**REQUIREMENT:**
Records follow. Select each line holding "infixl".

**GIVEN ENTRIES:**
──────────────────────────────

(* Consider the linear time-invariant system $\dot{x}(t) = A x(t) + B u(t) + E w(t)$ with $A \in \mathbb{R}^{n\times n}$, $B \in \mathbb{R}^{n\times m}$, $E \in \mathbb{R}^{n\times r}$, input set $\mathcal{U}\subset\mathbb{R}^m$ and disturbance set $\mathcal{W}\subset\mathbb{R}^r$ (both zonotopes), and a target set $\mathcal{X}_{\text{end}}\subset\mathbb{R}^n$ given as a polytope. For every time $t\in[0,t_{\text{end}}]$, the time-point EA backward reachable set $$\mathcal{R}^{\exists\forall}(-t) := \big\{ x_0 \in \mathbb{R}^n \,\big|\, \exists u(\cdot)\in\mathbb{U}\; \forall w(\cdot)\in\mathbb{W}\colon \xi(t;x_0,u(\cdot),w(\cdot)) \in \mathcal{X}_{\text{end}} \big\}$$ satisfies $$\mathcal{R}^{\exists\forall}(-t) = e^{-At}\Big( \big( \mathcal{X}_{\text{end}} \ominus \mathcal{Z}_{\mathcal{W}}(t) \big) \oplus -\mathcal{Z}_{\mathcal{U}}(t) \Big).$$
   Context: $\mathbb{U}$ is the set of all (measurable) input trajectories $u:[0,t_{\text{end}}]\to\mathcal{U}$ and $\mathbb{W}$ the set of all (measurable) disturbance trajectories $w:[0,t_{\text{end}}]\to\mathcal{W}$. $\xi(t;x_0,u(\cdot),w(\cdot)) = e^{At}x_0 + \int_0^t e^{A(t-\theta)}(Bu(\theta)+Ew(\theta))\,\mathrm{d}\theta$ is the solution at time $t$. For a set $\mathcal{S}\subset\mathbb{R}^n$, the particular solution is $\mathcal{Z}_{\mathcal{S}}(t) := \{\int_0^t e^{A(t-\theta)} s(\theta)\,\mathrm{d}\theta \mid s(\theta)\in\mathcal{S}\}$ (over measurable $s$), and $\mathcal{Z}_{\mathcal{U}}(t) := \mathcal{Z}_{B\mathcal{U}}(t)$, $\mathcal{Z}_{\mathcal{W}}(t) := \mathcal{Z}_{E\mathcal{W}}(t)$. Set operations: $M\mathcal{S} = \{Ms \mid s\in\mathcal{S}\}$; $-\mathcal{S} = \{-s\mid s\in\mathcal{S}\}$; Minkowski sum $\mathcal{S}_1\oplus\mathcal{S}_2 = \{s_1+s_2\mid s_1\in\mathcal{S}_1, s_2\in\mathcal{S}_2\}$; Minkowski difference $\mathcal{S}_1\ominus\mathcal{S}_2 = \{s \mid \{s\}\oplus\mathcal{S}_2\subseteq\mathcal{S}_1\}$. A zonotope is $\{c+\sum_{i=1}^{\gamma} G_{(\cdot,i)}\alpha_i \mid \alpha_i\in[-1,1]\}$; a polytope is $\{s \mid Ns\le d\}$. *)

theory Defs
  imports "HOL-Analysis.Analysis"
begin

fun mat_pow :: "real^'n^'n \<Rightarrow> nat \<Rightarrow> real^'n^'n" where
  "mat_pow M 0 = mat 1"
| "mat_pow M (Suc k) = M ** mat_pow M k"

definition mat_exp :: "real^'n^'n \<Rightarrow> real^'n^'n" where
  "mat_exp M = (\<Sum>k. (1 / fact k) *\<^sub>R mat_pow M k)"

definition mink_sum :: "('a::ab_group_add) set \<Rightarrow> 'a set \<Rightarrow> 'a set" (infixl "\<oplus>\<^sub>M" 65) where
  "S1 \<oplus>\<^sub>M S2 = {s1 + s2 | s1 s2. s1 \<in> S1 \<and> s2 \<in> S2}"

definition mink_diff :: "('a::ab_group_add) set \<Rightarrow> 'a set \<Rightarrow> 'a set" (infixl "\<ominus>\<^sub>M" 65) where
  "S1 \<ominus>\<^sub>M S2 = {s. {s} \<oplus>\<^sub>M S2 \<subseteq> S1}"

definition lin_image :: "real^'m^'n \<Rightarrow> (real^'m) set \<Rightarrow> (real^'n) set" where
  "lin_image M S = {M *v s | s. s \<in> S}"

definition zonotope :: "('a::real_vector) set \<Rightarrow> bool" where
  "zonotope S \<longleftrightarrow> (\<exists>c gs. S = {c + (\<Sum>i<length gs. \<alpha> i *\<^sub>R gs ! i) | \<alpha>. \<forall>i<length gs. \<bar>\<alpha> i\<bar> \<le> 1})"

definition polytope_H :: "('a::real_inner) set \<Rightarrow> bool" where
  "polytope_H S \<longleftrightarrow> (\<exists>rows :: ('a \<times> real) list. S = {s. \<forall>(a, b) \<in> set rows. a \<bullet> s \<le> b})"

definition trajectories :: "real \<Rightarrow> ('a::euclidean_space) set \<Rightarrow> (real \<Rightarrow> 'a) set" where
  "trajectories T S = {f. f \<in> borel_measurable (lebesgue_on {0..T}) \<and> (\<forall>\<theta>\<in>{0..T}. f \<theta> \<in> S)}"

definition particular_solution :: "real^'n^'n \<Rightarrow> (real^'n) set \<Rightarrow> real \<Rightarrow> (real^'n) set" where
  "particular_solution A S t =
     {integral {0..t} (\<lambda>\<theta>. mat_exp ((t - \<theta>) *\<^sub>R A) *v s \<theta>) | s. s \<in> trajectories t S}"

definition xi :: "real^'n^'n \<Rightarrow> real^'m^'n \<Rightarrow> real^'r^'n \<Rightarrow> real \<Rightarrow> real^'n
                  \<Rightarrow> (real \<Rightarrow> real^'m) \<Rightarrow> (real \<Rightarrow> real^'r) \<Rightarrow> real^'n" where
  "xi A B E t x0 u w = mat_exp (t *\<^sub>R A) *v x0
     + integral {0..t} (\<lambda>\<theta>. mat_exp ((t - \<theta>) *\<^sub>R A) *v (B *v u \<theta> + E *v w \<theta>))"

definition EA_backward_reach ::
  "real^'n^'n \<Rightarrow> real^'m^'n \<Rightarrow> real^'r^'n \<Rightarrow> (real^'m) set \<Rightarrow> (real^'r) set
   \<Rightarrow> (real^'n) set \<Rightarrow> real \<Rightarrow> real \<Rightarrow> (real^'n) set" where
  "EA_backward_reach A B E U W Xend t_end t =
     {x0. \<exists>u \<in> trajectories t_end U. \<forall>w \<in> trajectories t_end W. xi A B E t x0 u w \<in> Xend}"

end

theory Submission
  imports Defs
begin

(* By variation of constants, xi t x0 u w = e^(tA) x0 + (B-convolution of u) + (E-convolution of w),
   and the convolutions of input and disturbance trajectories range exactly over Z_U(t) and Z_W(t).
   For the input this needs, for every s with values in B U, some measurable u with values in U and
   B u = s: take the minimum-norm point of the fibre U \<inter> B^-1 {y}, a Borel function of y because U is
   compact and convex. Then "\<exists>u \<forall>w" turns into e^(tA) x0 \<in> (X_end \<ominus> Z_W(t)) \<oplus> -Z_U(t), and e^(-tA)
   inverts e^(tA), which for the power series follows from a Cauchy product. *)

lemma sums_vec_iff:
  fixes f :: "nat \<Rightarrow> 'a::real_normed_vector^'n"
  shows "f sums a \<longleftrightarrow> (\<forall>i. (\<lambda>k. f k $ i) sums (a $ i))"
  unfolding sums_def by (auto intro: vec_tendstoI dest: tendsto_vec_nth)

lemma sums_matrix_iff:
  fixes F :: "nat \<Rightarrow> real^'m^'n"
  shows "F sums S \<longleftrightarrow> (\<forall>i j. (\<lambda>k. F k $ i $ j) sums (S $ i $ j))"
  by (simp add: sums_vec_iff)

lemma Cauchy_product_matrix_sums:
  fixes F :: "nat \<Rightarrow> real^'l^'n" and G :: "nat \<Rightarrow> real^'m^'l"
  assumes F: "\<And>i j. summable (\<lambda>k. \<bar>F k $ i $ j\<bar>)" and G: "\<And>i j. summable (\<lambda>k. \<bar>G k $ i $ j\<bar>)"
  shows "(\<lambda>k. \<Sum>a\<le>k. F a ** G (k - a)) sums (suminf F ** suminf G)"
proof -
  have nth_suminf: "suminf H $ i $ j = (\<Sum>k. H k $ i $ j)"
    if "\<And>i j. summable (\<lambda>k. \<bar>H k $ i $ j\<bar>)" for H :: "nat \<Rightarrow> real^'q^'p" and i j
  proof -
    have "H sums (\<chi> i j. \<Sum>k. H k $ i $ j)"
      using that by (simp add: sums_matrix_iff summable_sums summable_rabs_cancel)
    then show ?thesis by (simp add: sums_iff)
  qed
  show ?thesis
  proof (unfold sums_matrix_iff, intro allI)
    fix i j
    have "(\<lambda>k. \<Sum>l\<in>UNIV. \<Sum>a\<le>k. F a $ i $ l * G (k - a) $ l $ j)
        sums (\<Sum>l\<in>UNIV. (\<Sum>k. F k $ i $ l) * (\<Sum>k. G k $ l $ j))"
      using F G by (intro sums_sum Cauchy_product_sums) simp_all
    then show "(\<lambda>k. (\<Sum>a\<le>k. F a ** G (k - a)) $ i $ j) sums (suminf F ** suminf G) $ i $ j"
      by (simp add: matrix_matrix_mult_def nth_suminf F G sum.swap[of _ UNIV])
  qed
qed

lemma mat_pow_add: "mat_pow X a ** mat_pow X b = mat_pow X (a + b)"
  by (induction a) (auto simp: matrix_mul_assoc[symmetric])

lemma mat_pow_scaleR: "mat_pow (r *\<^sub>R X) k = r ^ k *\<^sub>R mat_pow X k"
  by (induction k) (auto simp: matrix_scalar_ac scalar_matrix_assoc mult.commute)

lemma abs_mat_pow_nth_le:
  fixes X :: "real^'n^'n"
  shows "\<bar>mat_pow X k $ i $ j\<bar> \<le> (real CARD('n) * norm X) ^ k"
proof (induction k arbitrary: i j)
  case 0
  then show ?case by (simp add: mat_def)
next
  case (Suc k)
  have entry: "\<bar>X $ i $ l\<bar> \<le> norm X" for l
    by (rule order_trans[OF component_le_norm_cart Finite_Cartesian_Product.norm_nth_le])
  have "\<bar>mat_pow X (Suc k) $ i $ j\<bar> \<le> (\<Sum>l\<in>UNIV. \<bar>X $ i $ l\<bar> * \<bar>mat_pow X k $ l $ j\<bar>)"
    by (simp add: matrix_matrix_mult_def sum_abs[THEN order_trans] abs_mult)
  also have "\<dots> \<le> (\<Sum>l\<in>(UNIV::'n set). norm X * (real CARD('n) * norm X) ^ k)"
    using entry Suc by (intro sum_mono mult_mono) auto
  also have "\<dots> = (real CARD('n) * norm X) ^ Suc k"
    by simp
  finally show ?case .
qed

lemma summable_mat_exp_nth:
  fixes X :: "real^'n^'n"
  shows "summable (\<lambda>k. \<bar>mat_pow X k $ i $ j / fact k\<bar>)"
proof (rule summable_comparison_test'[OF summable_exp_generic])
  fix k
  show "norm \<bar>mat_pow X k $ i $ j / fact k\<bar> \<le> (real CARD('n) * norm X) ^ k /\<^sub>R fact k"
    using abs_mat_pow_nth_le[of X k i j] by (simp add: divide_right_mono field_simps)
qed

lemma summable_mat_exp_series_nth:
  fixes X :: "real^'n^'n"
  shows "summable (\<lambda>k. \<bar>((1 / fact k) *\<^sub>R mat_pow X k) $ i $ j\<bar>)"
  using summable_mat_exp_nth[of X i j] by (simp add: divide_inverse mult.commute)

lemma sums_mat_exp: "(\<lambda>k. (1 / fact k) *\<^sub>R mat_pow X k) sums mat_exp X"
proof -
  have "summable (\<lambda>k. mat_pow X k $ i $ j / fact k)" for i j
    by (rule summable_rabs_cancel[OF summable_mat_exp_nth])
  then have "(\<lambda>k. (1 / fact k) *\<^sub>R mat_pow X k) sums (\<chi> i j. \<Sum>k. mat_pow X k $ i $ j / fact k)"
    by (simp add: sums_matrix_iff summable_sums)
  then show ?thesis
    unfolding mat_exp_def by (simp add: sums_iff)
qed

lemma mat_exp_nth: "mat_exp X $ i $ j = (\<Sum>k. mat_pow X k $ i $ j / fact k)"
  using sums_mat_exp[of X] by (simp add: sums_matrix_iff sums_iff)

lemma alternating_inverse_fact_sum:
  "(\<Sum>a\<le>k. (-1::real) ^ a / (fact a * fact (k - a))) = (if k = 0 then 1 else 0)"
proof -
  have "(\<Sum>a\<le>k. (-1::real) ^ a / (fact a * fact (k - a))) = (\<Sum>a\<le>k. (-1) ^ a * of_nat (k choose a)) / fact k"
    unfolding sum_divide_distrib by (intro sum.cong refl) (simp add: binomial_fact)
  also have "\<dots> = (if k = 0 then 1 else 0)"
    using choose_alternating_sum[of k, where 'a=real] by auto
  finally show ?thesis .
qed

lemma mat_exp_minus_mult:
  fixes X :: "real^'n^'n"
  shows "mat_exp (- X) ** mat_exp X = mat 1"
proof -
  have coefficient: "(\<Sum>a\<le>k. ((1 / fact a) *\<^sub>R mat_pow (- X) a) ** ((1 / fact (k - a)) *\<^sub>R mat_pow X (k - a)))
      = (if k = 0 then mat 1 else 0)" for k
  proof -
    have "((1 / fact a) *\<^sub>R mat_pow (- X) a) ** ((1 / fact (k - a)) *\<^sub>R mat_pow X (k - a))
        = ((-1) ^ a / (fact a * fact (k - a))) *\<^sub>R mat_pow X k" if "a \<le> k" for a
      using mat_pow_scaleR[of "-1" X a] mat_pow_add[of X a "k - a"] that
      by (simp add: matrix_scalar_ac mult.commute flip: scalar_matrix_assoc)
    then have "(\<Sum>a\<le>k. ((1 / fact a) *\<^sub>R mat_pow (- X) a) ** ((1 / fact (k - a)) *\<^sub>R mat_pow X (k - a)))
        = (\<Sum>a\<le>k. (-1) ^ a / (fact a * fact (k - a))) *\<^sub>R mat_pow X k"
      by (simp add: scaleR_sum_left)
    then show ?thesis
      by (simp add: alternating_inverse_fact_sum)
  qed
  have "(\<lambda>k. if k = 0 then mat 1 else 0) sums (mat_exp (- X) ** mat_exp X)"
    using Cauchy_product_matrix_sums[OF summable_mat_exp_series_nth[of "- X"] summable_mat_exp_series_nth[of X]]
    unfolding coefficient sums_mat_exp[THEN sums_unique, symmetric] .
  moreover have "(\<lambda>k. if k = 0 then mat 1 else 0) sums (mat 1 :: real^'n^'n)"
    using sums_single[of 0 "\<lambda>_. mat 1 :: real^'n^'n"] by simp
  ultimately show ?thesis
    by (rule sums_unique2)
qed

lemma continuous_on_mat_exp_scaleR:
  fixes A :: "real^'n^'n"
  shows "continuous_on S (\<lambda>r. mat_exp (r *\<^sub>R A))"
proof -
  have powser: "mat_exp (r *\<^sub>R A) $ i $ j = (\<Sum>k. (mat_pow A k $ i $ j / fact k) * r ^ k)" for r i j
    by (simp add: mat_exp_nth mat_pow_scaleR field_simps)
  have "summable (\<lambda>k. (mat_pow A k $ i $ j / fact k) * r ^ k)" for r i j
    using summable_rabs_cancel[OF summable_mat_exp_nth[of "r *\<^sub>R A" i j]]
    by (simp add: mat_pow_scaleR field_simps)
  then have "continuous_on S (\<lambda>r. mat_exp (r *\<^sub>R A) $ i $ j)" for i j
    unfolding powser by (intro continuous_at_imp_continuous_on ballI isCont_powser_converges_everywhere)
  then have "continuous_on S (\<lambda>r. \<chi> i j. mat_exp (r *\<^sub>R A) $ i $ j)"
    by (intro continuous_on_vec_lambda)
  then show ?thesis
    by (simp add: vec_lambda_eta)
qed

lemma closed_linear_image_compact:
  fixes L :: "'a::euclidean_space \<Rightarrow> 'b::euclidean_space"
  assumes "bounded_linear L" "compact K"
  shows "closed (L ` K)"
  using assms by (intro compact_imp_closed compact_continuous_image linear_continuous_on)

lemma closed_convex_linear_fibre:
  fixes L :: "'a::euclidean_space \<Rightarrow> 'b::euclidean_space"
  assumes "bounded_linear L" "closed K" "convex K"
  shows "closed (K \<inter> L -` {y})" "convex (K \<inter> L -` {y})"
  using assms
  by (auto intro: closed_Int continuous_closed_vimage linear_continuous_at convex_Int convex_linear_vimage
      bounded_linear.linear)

──────────────────────────────

**SOLUTION FOR THIS TASK:**
definition mink_sum :: "('a::ab_group_add) set \<Rightarrow> 'a set \<Rightarrow> 'a set" (infixl "\<oplus>\<^sub>M" 65) where
definition mink_diff :: "('a::ab_group_add) set \<Rightarrow> 'a set \<Rightarrow> 'a set" (infixl "\<ominus>\<^sub>M" 65) where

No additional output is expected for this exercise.